It is better to be wrong than to be a slave and do everything right

Today I start strong this entry saying everything with the title. When it comes to educating a child it is better that you are wrong to be a slave and do everything right. Or I at least prefer it that way.

We are many adults who as children grew up in a more or less authoritarian climate in which behind our decisions was always the judgment of our parents ("this you have done well", "this you have done wrong") and often, and With the passage of time, his words no longer positioned themselves behind, but rather went ahead, before our decision.

Be obedient to be a well educated child

The reason for having our parents on top to avoid being wrong and the reason for letting us know when we were wrong (with shouting or punishment) was to get us to be obedient, something that seems to be a sign, in children, of good education.

In the eyes of those who look at an obedient child, it is a child who does not bother, who behaves well, who knows how to stand before others, who pays attention to his parents, and that seems to be the right thing to do. However, a child who obeys others is a child who makes few or no decisions and is a child with very little analytical capacity for situations.

It will be customary (children end up getting used to not choosing and simply following their parents' mandates) or it will be to avoid the anger of their parents and judges, but the children end up being model children, of which many mothers teach with pride or those that are copies of their parents because they do exactly the same as them and yet they are slaves. They are slaves who do everything right and make no mistake, slaves who do what others tell them.

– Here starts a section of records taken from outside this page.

text \<open>
  It suffices to find a subgraph T of the network in which every source reaches every
  terminal and which is merge-free: no vertex is entered by two different edges of T whose tails
  have a common ancestor in T. On such a subgraph the all-ones code works over every field: each
  edge of T carries exactly the sum of the symbols of those sources that reach its tail in T, so
  every terminal receives the sum of all source symbols (\<open>all_ones_code\<close>).

  The subgraph is assembled from arborescences around the special vertex v.
  Type (3,3): an in-tree towards v on its ancestors and an out-tree from v on its descendants
  (\<open>hub_subgraph\<close>). Type (2,3): in addition the source a that does not reach v spreads into its
  own descendants; where descendants of v and of a meet, a vertex is entered from both sides only
  if no edge enters it from the common part, and then the two entering edges come from disjoint
  ancestor-closed regions (\<open>two_hub_subgraph\<close>). Type (3,2) is the mirror image of (2,3) under
  reversal of all edges, because a subgraph that is merge-free in the reversed network is
  merge-free in the original one (\<open>merge_free_of_reverse\<close>, via the fork lemma
  \<open>no_merge_in_fork_free_region\<close>).
\<close>

lemma choose_edges:
  fixes f :: "'e \<Rightarrow> 'v"
  assumes ex: "\<forall>u\<in>S. \<exists>e\<in>E. f e = u \<and> P e"
  shows "\<exists>C\<subseteq>E. bij_betw f C S \<and> (\<forall>e\<in>C. P e)"
proof -
  define g where "g u = (SOME e. e \<in> E \<and> f e = u \<and> P e)" for u
  have g: "g u \<in> E \<and> f (g u) = u \<and> P (g u)" if "u \<in> S" for u
    unfolding g_def by (rule someI_ex) (use ex that in blast)
  have "bij_betw f (g ` S) S"
    unfolding bij_betw_def inj_on_def by (auto simp: g image_iff)
  then show ?thesis using g by (intro exI[of _ "g ` S"]) auto
qed
lemma dense_thread_image:
  assumes directed: "\<And>\<F>. finite \<F> \<Longrightarrow> \<F> \<subseteq> \<C> \<Longrightarrow> \<exists>\<R>\<in>\<C>. \<forall>\<P>\<in>\<F>. \<P> \<subseteq> \<R>"
  shows "inverse_limit X \<C> closure_of (thread X \<C> ` topspace X) = topspace (inverse_limit X \<C>)"
  unfolding dense_intersects_open
proof (intro allI impI)
  define Y where "Y = product_topology (QP_topology X) \<C>"
  define Lim where "Lim = {y. \<forall>\<P>\<in>\<C>. \<forall>\<R>\<in>\<C>. \<P> \<subseteq> \<R> \<longrightarrow> bond_map X \<P> (y \<R>) = y \<P>}"
  have L: "inverse_limit X \<C> = subtopology Y Lim"
    unfolding inverse_limit_def Y_def Lim_def by simp
  have thread_in_L: "thread X \<C> x \<in> topspace Y \<inter> Lim" if "x \<in> topspace X" for x
    using continuous_map_image_subset_topspace[OF continuous_map_thread] that L by auto
  fix T assume T: "openin (inverse_limit X \<C>) T \<and> T \<noteq> {}"
  then obtain T' where T': "openin Y T'" "T = T' \<inter> Lim"
    unfolding L openin_subtopology by blast
  obtain y where "y \<in> T"
    using T by blast
  then have y: "y \<in> topspace (inverse_limit X \<C>)"
    using T openin_subset by blast
  have "y \<in> T'"
    using \<open>y \<in> T\<close> T'(2) by blast
  then have "\<exists>U. finite {\<P> \<in> \<C>. U \<P> \<noteq> topspace (QP_topology X \<P>)} \<and>
           (\<forall>\<P>\<in>\<C>. openin (QP_topology X \<P>) (U \<P>)) \<and> y \<in> Pi\<^sub>E \<C> U \<and> Pi\<^sub>E \<C> U \<subseteq> T'"
    using openin_product_topology_alt[THEN iffD1, OF T'(1)[unfolded Y_def]] by (rule bspec[rotated])
  then obtain U where fin: "finite {\<P> \<in> \<C>. U \<P> \<noteq> topspace (QP_topology X \<P>)}"
    and "y \<in> Pi\<^sub>E \<C> U" "Pi\<^sub>E \<C> U \<subseteq> T'"
    by blast
  obtain \<R> where "\<R> \<in> \<C>" and \<R>: "\<forall>\<P>\<in>{\<P> \<in> \<C>. U \<P> \<noteq> topspace (QP_topology X \<P>)}. \<P> \<subseteq> \<R>"
    using directed[OF fin] by blast
  obtain x where x: "x \<in> topspace X" and agree: "\<forall>\<P>\<in>\<C>. \<P> \<subseteq> \<R> \<longrightarrow> thread X \<C> x \<P> = y \<P>"
    using thread_agrees_below[OF y \<open>\<R> \<in> \<C>\<close>] by blast
  have "thread X \<C> x \<P> \<in> U \<P>" if "\<P> \<in> \<C>" for \<P>
  proof (cases "U \<P> = topspace (QP_topology X \<P>)")
    case True
    then show ?thesis
      using thread_in_L[OF x] that unfolding Y_def by auto
  next
    case False
    then show ?thesis
      using \<R> agree that \<open>y \<in> Pi\<^sub>E \<C> U\<close> by auto
  qed
  then have "thread X \<C> x \<in> Pi\<^sub>E \<C> U"
    by (simp add: PiE_iff thread_def)
  then have "thread X \<C> x \<in> T"
    using thread_in_L[OF x] T' \<open>Pi\<^sub>E \<C> U \<subseteq> T'\<close> by blast
  then show "thread X \<C> ` topspace X \<inter> T \<noteq> {}"
    using x by blast
qed

context
  assumes base: "\<And>U x. openin X U \<Longrightarrow> x \<in> U \<Longrightarrow> \<exists>\<P>\<in>\<C>. \<exists>W\<in>\<P>. x \<in> W \<and> W \<subseteq> U"
begin

lemma thread_separates:
  assumes "openin X U" "a \<in> U" "b \<in> topspace X" "b \<notin> U"
  shows "thread X \<C> a \<noteq> thread X \<C> b"
proof -
  obtain \<P> W where \<P>: "\<P> \<in> \<C>" and W: "W \<in> \<P>" "a \<in> W" "W \<subseteq> U"
    using base[OF assms(1,2)] by blast
  have "a \<in> topspace X"
    using openin_subset[OF assms(1)] assms(2) by blast
  moreover have W_sub: "W \<subseteq> topspace X"
    using openin_subset[OF openin_members[OF \<P> W(1)]] .
  ultimately have "thread X \<C> a \<P> \<in> pclass X \<P> ` W" "thread X \<C> b \<P> \<notin> pclass X \<P> ` W"
    using thread_in_image_iff[OF \<P> W(1) W_sub] W(2,3) assms(3,4) by auto
  then show ?thesis
    by auto
qed

lemma inj_on_thread:
  assumes "t0_space X"
  shows "inj_on (thread X \<C>) (topspace X)"
proof (rule inj_onI, rule ccontr)
  fix x y assume xy: "x \<in> topspace X" "y \<in> topspace X" "thread X \<C> x = thread X \<C> y" "x \<noteq> y"
  then obtain U where "openin X U" "x \<notin> U \<longleftrightarrow> y \<in> U"
    using assms unfolding t0_space_def by blast
  then show False
    using thread_separates xy by metis
qed

lemma open_map_thread:
  "open_map X (subtopology (inverse_limit X \<C>) (thread X \<C> ` topspace X)) (thread X \<C>)"
  unfolding open_map_def
proof (intro allI impI)
  fix U assume U: "openin X U"
  define N where "N = \<Union>{{y \<in> topspace (inverse_limit X \<C>). y \<P> \<in> pclass X \<P> ` W} | \<P> W.
                              \<P> \<in> \<C> \<and> W \<in> \<P> \<and> W \<subseteq> U}"
  have N_open: "openin (inverse_limit X \<C>) N"
    unfolding N_def
  proof (rule openin_Union)
    fix S assume "S \<in> {{y \<in> topspace (inverse_limit X \<C>). y \<P> \<in> pclass X \<P> ` W} | \<P> W.
                              \<P> \<in> \<C> \<and> W \<in> \<P> \<and> W \<subseteq> U}"
    then obtain \<P> W where "\<P> \<in> \<C>" "W \<in> \<P>"
      and S: "S = {y \<in> topspace (inverse_limit X \<C>). y \<P> \<in> pclass X \<P> ` W}"
      by blast
    then show "openin (inverse_limit X \<C>) S"
      using openin_inverse_limit_preimage by blast
  qed
  have N_iff: "y \<in> N \<longleftrightarrow> y \<in> topspace (inverse_limit X \<C>) \<and>
                 (\<exists>\<P>\<in>\<C>. \<exists>W\<in>\<P>. W \<subseteq> U \<and> y \<P> \<in> pclass X \<P> ` W)" for y
    unfolding N_def by blast
  have N_thread: "thread X \<C> x \<in> N \<longleftrightarrow> x \<in> U" if x: "x \<in> topspace X" for x
  proof
    assume "thread X \<C> x \<in> N"
    then obtain \<P> W where \<P>: "\<P> \<in> \<C>" and W: "W \<in> \<P>" "W \<subseteq> U"
      and "thread X \<C> x \<P> \<in> pclass X \<P> ` W"
      unfolding N_iff by blast
    moreover have "W \<subseteq> topspace X"
      using openin_subset[OF openin_members[OF \<P> W(1)]] .
    ultimately show "x \<in> U"
      using thread_in_image_iff[OF \<P> W(1) _ x] W(2) by auto
  next
    assume "x \<in> U"
    obtain \<P> W where \<P>: "\<P> \<in> \<C>" and W: "W \<in> \<P>" "x \<in> W" "W \<subseteq> U"
      using base[OF U \<open>x \<in> U\<close>] by blast
    have "W \<subseteq> topspace X"
      using openin_subset[OF openin_members[OF \<P> W(1)]] .
    then have "thread X \<C> x \<P> \<in> pclass X \<P> ` W"
      using thread_in_image_iff[OF \<P> W(1) _ x] W(2) by simp
    moreover have "thread X \<C> x \<in> topspace (inverse_limit X \<C>)"
      using continuous_map_image_subset_topspace[OF continuous_map_thread] x by blast
    ultimately show "thread X \<C> x \<in> N"
      unfolding N_iff using \<P> W by blast
  qed
  have "thread X \<C> ` U = thread X \<C> ` topspace X \<inter> N"
    using openin_subset[OF U] N_thread by auto
  then show "openin (subtopology (inverse_limit X \<C>) (thread X \<C> ` topspace X)) (thread X \<C> ` U)"
    using N_open by (simp add: openin_subtopology_Int2)
qed

lemma embedding_map_thread:
  assumes "t0_space X"
  shows "embedding_map X (inverse_limit X \<C>) (thread X \<C>)"
proof -
  let ?D = "thread X \<C> ` topspace X"
  have "continuous_map X (subtopology (inverse_limit X \<C>) ?D) (thread X \<C>)"
    using continuous_map_thread by (simp add: continuous_map_in_subtopology)
  then have "embedding_map X (subtopology (inverse_limit X \<C>) ?D) (thread X \<C>)"
    using open_map_thread inj_on_thread[OF assms] by (rule injective_open_imp_embedding_map)
  then show ?thesis
    by (simp add: embedding_map_def subtopology_subtopology)
qed

end

end

theorem theorem8:
  fixes X :: "'a topology" and \<C> :: "'a set set set"
  assumes "completely_regular_space X" and "t1_space X"
    and "I_favorable X"
    and "is_T_club X \<C>"
  shows "\<exists>D. D \<subseteq> topspace (inverse_limit X \<C>)
           \<and> (inverse_limit X \<C>) closure_of D = topspace (inverse_limit X \<C>)
           \<and> subtopology (inverse_limit X \<C>) D homeomorphic_space X"
proof (intro exI conjI)
  note openin_members = T_club_openin[OF assms(4)]
  note base = T_club_cozero_base[OF assms(1,4)]
  have embedding: "embedding_map X (inverse_limit X \<C>) (thread X \<C>)"
    using embedding_map_thread[OF openin_members base t1_imp_t0_space[OF assms(2)]] .
  show "thread X \<C> ` topspace X \<subseteq> topspace (inverse_limit X \<C>)"
    using continuous_map_image_subset_topspace[OF continuous_map_thread[OF openin_members]] .
  show "inverse_limit X \<C> closure_of (thread X \<C> ` topspace X) = topspace (inverse_limit X \<C>)"
    using dense_thread_image[OF openin_members T_club_directed[OF assms(4)]] .
  show "subtopology (inverse_limit X \<C>) (thread X \<C> ` topspace X) homeomorphic_space X"
    using embedding_map_imp_homeomorphic_space[OF embedding] homeomorphic_space_sym by blast
qed

end
text \<open>A complex Hilbert space is modelled as a real Hilbert space 'h
  together with a complex structure J (multiplication by i):
  J is a real-linear isometry-preserving-inner-product with J o J = -1.
  The complex inner product is recovered from the real one.\<close>

definition complex_structure :: "('h::{real_inner,complete_space} \<Rightarrow>\<^sub>L 'h) \<Rightarrow> bool" where
  "complex_structure J \<longleftrightarrow> J o\<^sub>L J = - id_blinfun \<and> (\<forall>x y. inner (J x) (J y) = inner x y)"

text \<open>B(H): the complex-linear bounded operators, i.e. those commuting with J.\<close>
definition cops :: "('h::{real_inner,complete_space} \<Rightarrow>\<^sub>L 'h) \<Rightarrow> ('h \<Rightarrow>\<^sub>L 'h) set" where
  "cops J = {T. T o\<^sub>L J = J o\<^sub>L T}"

text \<open>complex linear span: real span of S and i*S\<close>
definition cspan :: "('h::{real_inner,complete_space} \<Rightarrow>\<^sub>L 'h) \<Rightarrow> ('h \<Rightarrow>\<^sub>L 'h) set \<Rightarrow> ('h \<Rightarrow>\<^sub>L 'h) set" where
  "cspan J S = span (S \<union> (\<lambda>T. J o\<^sub>L T) ` S)"

definition csubspace :: "('h::{real_inner,complete_space} \<Rightarrow>\<^sub>L 'h) \<Rightarrow> ('h \<Rightarrow>\<^sub>L 'h) set \<Rightarrow> bool" where
  "csubspace J S \<longleftrightarrow> subspace S \<and> (\<forall>T\<in>S. J o\<^sub>L T \<in> S)"

definition operator_algebra :: "('h::{real_inner,complete_space} \<Rightarrow>\<^sub>L 'h) \<Rightarrow> ('h \<Rightarrow>\<^sub>L 'h) set \<Rightarrow> bool" where
  "operator_algebra J A \<longleftrightarrow> complex_structure J \<and> A \<subseteq> cops J \<and> csubspace J A \<and> closed A
     \<and> (\<forall>S\<in>A. \<forall>T\<in>A. S o\<^sub>L T \<in> A)"

definition setprod :: "('h::{real_inner,complete_space} \<Rightarrow>\<^sub>L 'h) \<Rightarrow> ('h \<Rightarrow>\<^sub>L 'h) set \<Rightarrow> ('h \<Rightarrow>\<^sub>L 'h) set \<Rightarrow> ('h \<Rightarrow>\<^sub>L 'h) set" where
  "setprod J X Y = closure (cspan J {x o\<^sub>L y | x y. x \<in> X \<and> y \<in> Y})"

Let's say that these obedient children, unable to make their own decisions (if you ask them something, they look at their parents to know what they should answer), they grow up. When they are children they turn out to be exemplary and well educated, however nobody admires an adult unable to know which way to go, very indecisive, with little personality and with little capacity to solve the problems that appear to him.

Try yourself, get wrong and learn

"Why do we fall, Bruce?" Thomas Wayne told his son. The boy looked at him thoughtfully, waiting for the answer. The father approached who in the future would be known as the bat man and told him, almost in a whisper, as one who tells a secret: "To learn to get up."

This fragment, which I have recounted as a reminder of the movie Batman Begins, is nothing more than a cry for children's freedom, that freedom that allows them to choose, make decisions, develop their personality, succeed and make mistakes, stand up, even if it is on a tight rope and fall, more than once, to learn to get up.

Our role as parents is to educate our children so that they themselves choose whether to take risks or not and be there to, when they fall, help them get up if they need us. Each mistake is an opportunity to learn how to do something differently. Each error opens a new door to creativity and inventiveness, to logic. Each failure helps children think.

If we don't let them make a mistake, if we anticipate or if we continue with the chant of wanting our children to be obedient only we will make them obedient citizens, with little critical capacity, with little capacity to think of solutions to the problems that arise and with the need, often or always, of someone superior to tell them where to throw: “How can I choose a path if my path has Always been dictated by my elders? How do I know which is the best option, if I have never had to choose anything?

He who never chooses never makes mistakes and does everything right. The one who never chooses does not know the real consequences of doing something wrong and has trouble anticipating mistakes (how will I know what happens if I am wrong if I have never been wrong) and problems to solve them.

Let's play now that these children, those who have been able to choose and make mistakes, grow up. They will be people able to choose and anticipate mistakes, they will have personality to say "yes" and to say "no", they will be autonomous and independent and they will be clear on the way forward. They may err, like every human, but they will know how to try again or they will know how to be honest and not do it if the risk is greater than the benefit.

I do not have a crystal ball and this is only conjecture and hypothesis, but soon, it is logical that we grow to be quite similar to how we grew.

I do not want obedient children who always behave well. I want children to do children's things and make mistakes, screw up and learn with it, so that in the future they are good people because they want to be and not because I have imposed goodness as a mandate and to live the life they have decided to live (and not the one I've decided to live).